## WHAT IS EXPECTED
Go through the entries below and copy every line that holds the word "serving".

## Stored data
(* Fix an integer precision $p\ge 1$ and let $\epsilon = 2^{-p+1}$. Suppose GDS is $k$-competitive in the following sense: for every request sequence $\tau$ in which every pair has a positive integer cost-to-size ratio, and for every way of breaking ties among pairs of smallest $H$-value, $\mathrm{GDS}(\tau)\le k\cdot \mathrm{OPT}(\tau)$. Then for every request sequence $\sigma$ in which every pair has a positive integer cost-to-size ratio, $\mathrm{CAMP}(\sigma) \le (1+\epsilon)\,k\cdot \mathrm{OPT}(\sigma)$.
   Context: Caching model: a memory of fixed capacity; each key-value pair $q$ has size $\operatorname{size}(q)>0$ and cost $\operatorname{cost}(q)>0$, each pair fits in memory by itself. Requests arrive in sequence; if the requested pair is not in memory (a miss), its cost is paid and it is brought into memory, evicting other pairs as needed so the total size of pairs in memory never exceeds capacity. For an algorithm $A$ and sequence $\sigma$, $A(\sigma)$ is the total cost paid on misses; $\mathrm{OPT}(\sigma)$ is the minimum total cost over all (offline) eviction strategies that know $\sigma$ in advance. GDS: keeps a global $L$ (initially $0$) and $H(q)$ for pairs $q$ in memory. On a request for $q$: if $q$ is in memory, $L\leftarrow\min_{r\in M\setminus\{q\}}H(r)$; otherwise, while there is not enough room for $q$, evict a pair with smallest $H$ and set $L\leftarrow \min_{r\in M}H(r)$, then bring $q$ in; finally $H(q)\leftarrow L+\operatorname{cost}(q)/\operatorname{size}(q)$. Rounding to precision $p$: for a positive integer $x$ whose highest nonzero bit is in position $b$ (positions numbered from $1$ at the lowest-order bit), $\bar x = x$ if $b\le p$, and otherwise $\bar x$ is $x$ with its $b-p$ lowest-order bits set to zero. CAMP with precision $p$: on sequence $\sigma$, it makes exactly the eviction decisions GDS makes (with ties among smallest $H$ broken by least-recent request) when each pair's cost-to-size ratio $x=\operatorname{cost}(q)/\operatorname{size}(q)$ is replaced by its rounded value $\bar x$; but on each miss for $q$ it pays the true cost $\operatorname{cost}(q)$. Equivalently, letting $\bar\sigma$ be $\sigma$ with each pair's cost replaced by $\operatorname{size}(q)\cdot\bar x$, CAMP's decisions on $\sigma$ coincide with those of GDS on $\bar\sigma$. *)

theory Defs
  imports Complex_Main
begin

text \<open>Offline optimum: a feasible schedule is a list of memory contents Ms with
Ms!i the memory just before the i-th request; memory starts empty, after serving
request i the requested pair is in memory, the new memory only contains pairs
of the old memory plus the requested one (no prefetching), and the capacity
is respected.\<close>

definition feasible_schedule ::
  "('q \<Rightarrow> real) \<Rightarrow> real \<Rightarrow> 'q list \<Rightarrow> 'q set list \<Rightarrow> bool" where
  "feasible_schedule sz C \<sigma> Ms \<longleftrightarrow>
     length Ms = Suc (length \<sigma>) \<and> Ms ! 0 = {} \<and>
     (\<forall>i < length \<sigma>. \<sigma> ! i \<in> Ms ! Suc i \<and>
                       Ms ! Suc i \<subseteq> insert (\<sigma> ! i) (Ms ! i) \<and>
                       sum sz (Ms ! Suc i) \<le> C)"

definition schedule_cost ::
  "('q \<Rightarrow> real) \<Rightarrow> 'q list \<Rightarrow> 'q set list \<Rightarrow> real" where
  "schedule_cost c \<sigma> Ms = (\<Sum>i < length \<sigma>. if \<sigma> ! i \<in> Ms ! i then 0 else c (\<sigma> ! i))"

definition OPT ::
  "('q \<Rightarrow> real) \<Rightarrow> real \<Rightarrow> ('q \<Rightarrow> real) \<Rightarrow> 'q list \<Rightarrow> real" where
  "OPT sz C c \<sigma> = Inf {schedule_cost c \<sigma> Ms | Ms. feasible_schedule sz C \<sigma> Ms}"

text \<open>A tie-breaking rule 'choose' gets the history of earlier requests, the
current memory, the current H and a candidate r; it says whether r may be evicted.
Every admissible choice must be a pair in memory of smallest H.\<close>

definition min_H :: "'q set \<Rightarrow> ('q \<Rightarrow> real) \<Rightarrow> 'q \<Rightarrow> bool" where
  "min_H M H r \<longleftrightarrow> r \<in> M \<and> (\<forall>s\<in>M. H r \<le> H s)"

definition any_tie :: "'q list \<Rightarrow> 'q set \<Rightarrow> ('q \<Rightarrow> real) \<Rightarrow> 'q \<Rightarrow> bool" where
  "any_tie hist M H r \<longleftrightarrow> min_H M H r"

definition last_req :: "'q list \<Rightarrow> 'q \<Rightarrow> nat" where
  "last_req hist r = Max {i. i < length hist \<and> hist ! i = r}"

definition lru_tie :: "'q list \<Rightarrow> 'q set \<Rightarrow> ('q \<Rightarrow> real) \<Rightarrow> 'q \<Rightarrow> bool" where
  "lru_tie hist M H r \<longleftrightarrow> min_H M H r \<and>
     (\<forall>s\<in>M. H s = H r \<longrightarrow> last_req hist r \<le> last_req hist s)"

text \<open>Eviction loop on a miss for q: while there is not enough room for q, evict a
chosen pair r of smallest H and set L to H r (= the minimum of H over the memory
at the moment of eviction).\<close>
inductive evict_loop ::
  "('q \<Rightarrow> real) \<Rightarrow> real \<Rightarrow> ('q set \<Rightarrow> ('q \<Rightarrow> real) \<Rightarrow> 'q \<Rightarrow> bool) \<Rightarrow> 'q \<Rightarrow>
   ('q \<Rightarrow> real) \<Rightarrow> 'q set \<Rightarrow> real \<Rightarrow> 'q set \<Rightarrow> real \<Rightarrow> bool"
  for sz C ch q H where
  stop: "sum sz M + sz q \<le> C \<Longrightarrow> evict_loop sz C ch q H M L M L"
| evict: "\<lbrakk> sum sz M + sz q > C; ch M H r;
           evict_loop sz C ch q H (M - {r}) (H r) M' L' \<rbrakk>
         \<Longrightarrow> evict_loop sz C ch q H M L M' L'"

text \<open>One request step of GDS with ratio function rho (used for H) and cost
function c (paid on misses). On a hit, L becomes the minimum of H over the other
pairs in memory (unchanged if there are none).\<close>
inductive gds_step ::
  "('q \<Rightarrow> real) \<Rightarrow> real \<Rightarrow> ('q \<Rightarrow> real) \<Rightarrow> ('q \<Rightarrow> real) \<Rightarrow>
   ('q set \<Rightarrow> ('q \<Rightarrow> real) \<Rightarrow> 'q \<Rightarrow> bool) \<Rightarrow> 'q \<Rightarrow>
   'q set \<Rightarrow> ('q \<Rightarrow> real) \<Rightarrow> real \<Rightarrow> 'q set \<Rightarrow> ('q \<Rightarrow> real) \<Rightarrow> real \<Rightarrow> real \<Rightarrow> bool"
  for sz C rho c ch q where
  hit: "\<lbrakk> q \<in> M;
          L' = (if M - {q} = {} then L else Min (H ` (M - {q}))) \<rbrakk>
        \<Longrightarrow> gds_step sz C rho c ch q M H L M (H(q := L' + rho q)) L' 0"
| miss: "\<lbrakk> q \<notin> M; evict_loop sz C ch q H M L M' L' \<rbrakk>
        \<Longrightarrow> gds_step sz C rho c ch q M H L (insert q M') (H(q := L' + rho q)) L' (c q)"

text \<open>Execution on a prefix of the request sequence: gds_exec ... hist M H L total
means that after serving the requests hist (starting from empty memory, L = 0)
the state is (M, H, L) and the total paid cost is total.\<close>
inductive gds_exec ::
  "('q \<Rightarrow> real) \<Rightarrow> real \<Rightarrow> ('q \<Rightarrow> real) \<Rightarrow> ('q \<Rightarrow> real) \<Rightarrow>
   ('q list \<Rightarrow> 'q set \<Rightarrow> ('q \<Rightarrow> real) \<Rightarrow> 'q \<Rightarrow> bool) \<Rightarrow>
   'q list \<Rightarrow> 'q set \<Rightarrow> ('q \<Rightarrow> real) \<Rightarrow> real \<Rightarrow> real \<Rightarrow> bool"
  for sz C rho c ch where
  init: "gds_exec sz C rho c ch [] {} (\<lambda>_. 0) 0 0"
| step: "\<lbrakk> gds_exec sz C rho c ch hist M H L tot;
           gds_step sz C rho c (ch hist) q M H L M' H' L' paid \<rbrakk>
         \<Longrightarrow> gds_exec sz C rho c ch (hist @ [q]) M' H' L' (tot + paid)"

definition GDS_run_cost ::
  "('q \<Rightarrow> real) \<Rightarrow> real \<Rightarrow> ('q \<Rightarrow> real) \<Rightarrow>
   ('q list \<Rightarrow> 'q set \<Rightarrow> ('q \<Rightarrow> real) \<Rightarrow> 'q \<Rightarrow> bool) \<Rightarrow> 'q list \<Rightarrow> real \<Rightarrow> bool" where
  "GDS_run_cost sz C c ch \<sigma> tot \<longleftrightarrow>
     (\<exists>M H L. gds_exec sz C (\<lambda>q. c q / sz q) c ch \<sigma> M H L tot)"

text \<open>Position of the highest nonzero bit of a positive integer x (lowest bit = 1):
the least b with x < 2^b.\<close>
definition top_bit :: "nat \<Rightarrow> nat" where
  "top_bit x = (LEAST b. x < 2 ^ b)"

definition round_prec :: "nat \<Rightarrow> nat \<Rightarrow> nat" where
  "round_prec p x = (if top_bit x \<le> p then x
                     else (x div 2 ^ (top_bit x - p)) * 2 ^ (top_bit x - p))"

definition int_ratio :: "('q \<Rightarrow> real) \<Rightarrow> ('q \<Rightarrow> real) \<Rightarrow> 'q \<Rightarrow> bool" where
  "int_ratio sz c q \<longleftrightarrow> (\<exists>n::nat. n > 0 \<and> c q / sz q = real n)"

text \<open>Rounded ratio (meaningful when int_ratio holds).\<close>
definition rounded_ratio :: "nat \<Rightarrow> ('q \<Rightarrow> real) \<Rightarrow> ('q \<Rightarrow> real) \<Rightarrow> 'q \<Rightarrow> real" where
  "rounded_ratio p sz c q = real (round_prec p (nat \<lfloor>c q / sz q\<rfloor>))"

definition CAMP_run_cost ::
  "nat \<Rightarrow> ('q \<Rightarrow> real) \<Rightarrow> real \<Rightarrow> ('q \<Rightarrow> real) \<Rightarrow> 'q list \<Rightarrow> real \<Rightarrow> bool" where
  "CAMP_run_cost p sz C c \<sigma> tot \<longleftrightarrow>
     (\<exists>M H L. gds_exec sz C (rounded_ratio p sz c) c lru_tie \<sigma> M H L tot)"

end

theory Submission
  imports Defs
begin

text \<open>CAMP on \<open>\<sigma>\<close> makes exactly the decisions of GDS on the instance whose costs are
  \<open>sz q * round_prec p (c q / sz q)\<close>. Rounding to precision \<open>p\<close> keeps the leading \<open>p\<close> bits,
  so it loses less than a factor \<open>1 + 2 powr (1 - p)\<close>, and rounded ratios are again positive
  integers. Hence CAMP pays at most \<open>1 + 2 powr (1 - p)\<close> times what GDS pays on the rounded
  instance, which is at most \<open>k\<close> times its optimum; and rounding costs down cannot increase
  the optimum.\<close>

lemma top_bit_bounds:
  assumes "0 < n"
  shows "n < 2 ^ top_bit n" and "2 ^ (top_bit n - 1) \<le> n"
proof -
  show below: "n < 2 ^ top_bit n"
    unfolding top_bit_def by (rule LeastI[of _ n]) simp
  have "top_bit n \<noteq> 0"
  proof
    assume "top_bit n = 0"
    with below assms show False
      by simp
  qed
  moreover have "\<not> n < 2 ^ (top_bit n - 1)"
    using Least_le[of "\<lambda>b. n < 2 ^ b" "top_bit n - 1"] \<open>top_bit n \<noteq> 0\<close>
    unfolding top_bit_def by fastforce
  ultimately show "2 ^ (top_bit n - 1) \<le> n"
    by simp
qed

lemma round_prec_le: "round_prec p n \<le> n"
  by (simp add: round_prec_def)

lemma round_prec_bounds:
  assumes "0 < n" and "1 \<le> p"
  shows "0 < round_prec p n"
    and "real n \<le> (1 + 2 powr (1 - real p)) * real (round_prec p n)"
proof -
  let ?b = "top_bit n"
  have "0 < round_prec p n \<and> real n \<le> (1 + 2 powr (1 - real p)) * real (round_prec p n)"
  proof (cases "?b \<le> p")
    case True
    then show ?thesis
      using assms by (simp add: round_prec_def distrib_right)
  next
    case False
    define d where "d = ?b - p"
    define r where "r = n div 2 ^ d * 2 ^ d"
    have r: "round_prec p n = r"
      using False unfolding round_prec_def r_def d_def by simp
    \<comment> \<open>the leading \<open>p\<close> bits survive, and the discarded bits are worth less than \<open>2 ^ d\<close>\<close>
    have "2 ^ (p - 1) * 2 ^ d \<le> n"
      using top_bit_bounds(2)[OF assms(1)] False assms(2)
      by (simp add: d_def flip: power_add)
    then have lead: "2 ^ (p - 1) * 2 ^ d \<le> r"
      by (simp add: r_def less_eq_div_iff_mult_less_eq)
    then have "real (2 ^ (p - 1) * 2 ^ d) \<le> real r"
      by (simp only: of_nat_le_iff)
    then have lead_real: "(2::real) ^ (p - 1) * 2 ^ d \<le> real r"
      by simp
    have "n mod 2 ^ d < 2 ^ d"
      by simp
    then have "n < r + 2 ^ d"
      using div_mult_mod_eq[of n "2 ^ d"] unfolding r_def by linarith
    then have "real n < real r + real (2 ^ d)"
      by linarith
    also have "real (2 ^ d) = (2::real) ^ d"
      by simp
    also have "(2::real) ^ d = 2 powr (1 - real p) * (2 ^ (p - 1) * 2 ^ d)"
      using assms(2) by (simp add: powr_realpow[symmetric] of_nat_diff mult.assoc[symmetric]
          flip: powr_add)
    also have "\<dots> \<le> 2 powr (1 - real p) * real r"
      using lead_real by (intro mult_left_mono) simp_all
    finally have "real n \<le> (1 + 2 powr (1 - real p)) * real r"
      by (simp add: distrib_right)
    moreover have "0 < r"
      using lead by (rule less_le_trans[rotated]) simp
    ultimately show ?thesis
      using r by simp
  qed
  then show "0 < round_prec p n" and "real n \<le> (1 + 2 powr (1 - real p)) * real (round_prec p n)"
    by auto
qed

definition rounded_cost :: "nat \<Rightarrow> ('q \<Rightarrow> real) \<Rightarrow> ('q \<Rightarrow> real) \<Rightarrow> 'q \<Rightarrow> real" where
  "rounded_cost p sz c q = (if int_ratio sz c q then sz q * rounded_ratio p sz c q else c q)"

## RESPONSE TO THIS EXERCISE
Ms!i the memory just before the i-th request; memory starts empty, after serving
means that after serving the requests hist (starting from empty memory, L = 0)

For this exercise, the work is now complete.